General Judson promptly informed Ambassador Francis that it would be in the interest of the United States to recognize the Soviet Government.

“The Soviet is the de facto government, and relations with it should be established,” said General Judson.

But the American Ambassador had other ideas and had already conveyed them to Washington.

A few days later, a telegram arrived from Secretary of State Lansing advising Ambassador Francis that American representatives were to “withhold all direct communications with the Bolshevik Government.” The wire added pointedly: “So advise Judson.”

A second telegram, dispatched soon after, recalled General Judson to the United States.

Robins thought of handing in his resignation in protest against the State Department’s policy. To his surprise, Ambassador Francis asked him to remain at his post and maintain his contacts at Smolny.

“I think it’s unwise for you to sever your relations abruptly and absolutely – that is, I mean, to cease your visits up there,” Ambassador Francis told Robins. “Furthermore, I want to know what they are doing, and I will stand between you and the fire.”

Robins did not know it, but Ambassador Francis needed all the information he could get about the Soviet Government for special reasons of his own.

5. Secret Diplomacy

On December 2, 1917, Ambassador Francis sent Washington his first confidential report on the activities of General Alexei Kaledin, Ataman of the Don Cossacks. Francis described the General as “Kaledin, commander-in-chief of the Cossacks, numbering 200,000.” General Kaledin had organized a White counterrevolutionary army among the Cossacks in southern Russia, proclaimed “the independence of the Don,” and was preparing to march on Moscow to overthrow the Soviet Government. Secret groups of Czarist officers in Petrograd and Moscow were acting as anti-Soviet spies for Kaledin and were maintaining contact with Ambassador Francis.

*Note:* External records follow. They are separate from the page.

lemma assignment_of_vertex:
  assumes k: "k \<in> {1..n-1}"
  shows "assignment_of n s w (3*k-3) = spine s w (k - 1)"
    "assignment_of n s w (3*k-1) =
      (if w ! (k - 1) = 0 then - spine s w (k - 1) else spine s w (k - 1))"
    "assignment_of n s w (3*k) =
      (if w ! (k - 1) = 1 then - spine s w (k - 1) else spine s w (k - 1))"
    "assignment_of n s w (3*k+1) =
      (if w ! (k - 1) = 2 then - spine s w (k - 1) else spine s w (k - 1))"
proof -
  have "1 \<le> k"
    using k by simp
  then have arith: "(3*k-3) mod 3 = 0" "(3*k-3) div 3 = k - 1"
    "(3*k-1) mod 3 \<noteq> 0" "(3*k-1+1) div 3 = k" "(3*k-1+1) mod 3 = 0"
    "(3*k) mod 3 = 0" "(3*k) div 3 = k"
    "(3*k+1) mod 3 \<noteq> 0" "(3*k+1+1) div 3 = k" "(3*k+1+1) mod 3 = 2"
    by presburger+
  have "spine s w k = (if w ! (k - 1) = 1 then - spine s w (k - 1) else spine s w (k - 1))"
    using k spine.simps(2)[of s w "k - 1"] by simp
  then show "assignment_of n s w (3*k-3) = spine s w (k - 1)"
    "assignment_of n s w (3*k-1) =
      (if w ! (k - 1) = 0 then - spine s w (k - 1) else spine s w (k - 1))"
    "assignment_of n s w (3*k) =
      (if w ! (k - 1) = 1 then - spine s w (k - 1) else spine s w (k - 1))"
    "assignment_of n s w (3*k+1) =
      (if w ! (k - 1) = 2 then - spine s w (k - 1) else spine s w (k - 1))"
    using vertex_creases[OF k] unfolding assignment_of_def Let_def
    by (simp_all only: arith simp_thms if_True if_False not_True_eq_False)
qed

lemma assignment_of_mv_assignment:
  assumes "s \<in> {1, -1}"
  shows "assignment_of n s w \<in> mv_assignments n"
proof -
  have "assignment_of n s w c \<in> {1, -1}" if "c \<in> creases n" for c
    using spine_sign[OF assms, of w "c div 3"] spine_sign[OF assms, of w "(c + 1) div 3 - 1"] that
    unfolding assignment_of_def Let_def by auto
  then show ?thesis
    unfolding mv_assignments_def PiE_iff extensional_def by (auto simp: assignment_of_def)
qed

lemma assignment_of_0: "assignment_of n s w 0 = s"
  by (simp add: assignment_of_def creases_def)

At Francis’s request, a more detailed report of the strength of General Kaledin was sent to the State Department a few days later by Maddin Summers, the American Consul General in Moscow. Summers, who had married the daughter of a wealthy Czarist nobleman, was even more violently prejudiced against the Soviet regime than the Ambassador himself. According to Summers’s report to the State Department, Kaledin had already rallied to his person all the “loyal” and “honest” elements in southern Russia.

Secretary of State Lansing telegraphed the American Embassy in London recommending a secret loan to finance Kaledin’s cause. This loan, said the Secretary, was to be made through the agency of either the British or the French Government.

“I need not impress on you,” added Secretary Lansing, “the necessity of acting expeditiously and impressing those with whom you talk of the importance of it not being known that the United States is considering showing sympathy for the Kaledin movement, much less of providing financial assistance.”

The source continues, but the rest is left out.